Heißt im Klartext. Jeder, der teilnimmt, sitzt mit im Boot und muss sein Schäflein beitragen. 

Man sollte aber hier hinterlegen, wer was mitbringt bzw. organisiert. Sonst haben wir am Ende z. B. 10 Rundgrille und zu wenig Sitzgelegenheiten.


----------



## epic2006 (12. Mai 2013)

Wenn´s ums Mitbringen geht, muss ich mich leider ausklinken, da ich auf der Urlaubsrückreise quasi vorbeischneie. Evtl. gingen 1-2 Sack Brennholz oder Holzkohle, letzteres auf jeden Fall, wegen Holz muss ich schauen. 

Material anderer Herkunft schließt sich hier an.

lemma LIMSEQ_eventually_eq_unique:
  fixes a b :: "'a::t2_space"
  assumes "f \<longlonglongrightarrow> a" and "g \<longlonglongrightarrow> b" and "eventually (\<lambda>k. f k = g k) sequentially"
  shows "a = b"
proof -
  have "g \<longlonglongrightarrow> a" using Lim_transform_eventually[OF assms(1,3)] .
  then show ?thesis using assms(2) LIMSEQ_unique by blast
qed

lemma has_real_derivative_pos_part_square:
  "((\<lambda>t. (max t 0)\<^sup>2) has_real_derivative 2 * max t (0::real)) (at t)"
proof (cases "t = 0")
  case True
  have "((\<lambda>y. ((max y 0)\<^sup>2 - (max 0 0)\<^sup>2) / (y - 0)) \<longlongrightarrow> (0::real)) (at 0)"
  proof (rule Lim_null_comparison)
    have "norm (((max y 0)\<^sup>2 - (max 0 0)\<^sup>2) / (y - 0)) \<le> \<bar>y\<bar>" for y :: real
      by (cases "y \<ge> 0") (auto simp: power2_eq_square abs_mult)
    then show "\<forall>\<^sub>F y in at 0. norm (((max y 0)\<^sup>2 - (max 0 0)\<^sup>2) / (y - 0)) \<le> \<bar>y\<bar>"
      by simp
    show "((\<lambda>y::real. \<bar>y\<bar>) \<longlongrightarrow> 0) (at 0)"
      using tendsto_rabs[OF tendsto_ident_at[of "0::real" UNIV]] by simp
  qed
  then show ?thesis using True by (simp add: has_field_derivative_iff)
next
  case False
  then consider "t > 0" | "t < 0" by linarith
  then show ?thesis
  proof cases
    case 1
    have "((\<lambda>t. t\<^sup>2) has_real_derivative 2 * max t 0) (at t)"
      using 1 by (auto intro!: derivative_eq_intros)
    then show ?thesis
      by (rule has_field_derivative_transform_within_open[where S="{0<..}"]) (use 1 in auto)
  next
    case 2
    have "((\<lambda>t. 0) has_real_derivative 2 * max t 0) (at t)" using 2 by simp
    then show ?thesis
      by (rule has_field_derivative_transform_within_open[where S="{..<0}"]) (use 2 in auto)
  qed
qed

lemma convex_on_ge_tangent:
  fixes g :: "'a::real_normed_vector \<Rightarrow> real"
  assumes convex: "convex_on UNIV g" and deriv: "(g has_derivative g') (at w)"
  shows "g w + g' (u - w) \<le> g u"
proof -
  define \<phi> where "\<phi> t = g (w + t *\<^sub>R (u - w))" for t :: real
  have "convex_on UNIV \<phi>"
  proof (rule convex_onI)
    fix t x y :: real assume "t > 0" "t < 1"
    have "w + ((1 - t) *\<^sub>R x + t *\<^sub>R y) *\<^sub>R (u - w)
        = (1 - t) *\<^sub>R (w + x *\<^sub>R (u - w)) + t *\<^sub>R (w + y *\<^sub>R (u - w))"
      by (simp add: algebra_simps)
    then show "\<phi> ((1 - t) *\<^sub>R x + t *\<^sub>R y) \<le> (1 - t) * \<phi> x + t * \<phi> y"
      unfolding \<phi>_def using convex_onD[OF convex, of t] \<open>t > 0\<close> \<open>t < 1\<close> by simp
  qed simp
  moreover have "(\<phi> has_real_derivative g' (u - w)) (at 0)"
  proof -
    have "((\<lambda>t. w + t *\<^sub>R (u - w)) has_derivative (\<lambda>t. t *\<^sub>R (u - w))) (at 0)"
      by (auto intro!: derivative_eq_intros)
    from has_derivative_compose[OF this] deriv
    have "(\<phi> has_derivative (\<lambda>t. g' (t *\<^sub>R (u - w)))) (at 0)"
      unfolding \<phi>_def by (simp add: o_def)
    moreover have "g' (t *\<^sub>R (u - w)) = g' (u - w) * t" for t
      using linear_scale[OF has_derivative_linear[OF deriv]] by simp
    ultimately show ?thesis unfolding has_field_derivative_def by simp
  qed
  ultimately have "\<phi> 1 - \<phi> 0 \<ge> g' (u - w) * (1 - 0)"
    by (intro convex_on_imp_above_tangent[of UNIV \<phi>]) (auto simp: has_field_derivative_at_within)
  then show ?thesis unfolding \<phi>_def by simp
qed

Wegen eines localguides hau ich mal den Lars (pago79) an, der hatte angedeutet, dass er evtl. auch mitkommen würde, so er denn nicht arbeiten muss. Ansonsten schau ich mal nach .gpx files, Navi ist vorhanden.

Gruß, Gerrit


----------



## tofu1000 (12. Mai 2013)

Oh man! Hab mir gerade nochmal die letztjährigen Bilder angeschaut!  Ich hoffe so sehr dass es dieses Jahr wieder klappt! Und noch mehr hoffe ich, dann möglichst viele alte und neue Gesichter zu sehen.

Was das Shirt betrifft: Sollte sich niemand anderes finden, könnte ich mich ums Design kümmern. Bedingung: Idee muss möglichst ASAP stehen. Kopf ist voll. Terminkalender auch. Beides bis Anschlag.
Was den Druck betrifft: Bin diese Woche in DD, werde versuchen, die alten Siebdruckconnections zu beknien. Evtl. hab ich auch was neues in LE, da könnte ich auch selbst drucken. Ist aber noch nicht spruchreif.

Was ich sonst noch besteuern kann, kann ich noch nicht sagen, da ich bisher noch nicht weiss, ob ich mit PKW oder Bahn anreisen werde.


----------



## Kruko (20. Mai 2013)

Kleine Info zum Campingplatz:

Lagerfeuer ist kein Problem, sofern keine Waldbrandstufe ausgesprochen ist. Platz ist genügend vorhanden.

So und nun anmelden.

Wenn das Wetter nächstes Wochenende passt, werden wir mal dort sein und die Trails testen.


----------



## blizzord (27. Mai 2013)

Und gefahren bei dem Sauwetter? ;-)
Next WE bin ich auch im Harz hätte auch Bock 
mal die Trails zu fahren.


----------



## Kruko (27. Mai 2013)

blizzord schrieb:


> Und gefahren bei dem Sauwetter? ;-)
> Next WE bin ich auch im Harz hätte auch Bock
> mal die Trails zu fahren.



Nicht wirklich. Auf Winter hatte ich absolut keine Lust. 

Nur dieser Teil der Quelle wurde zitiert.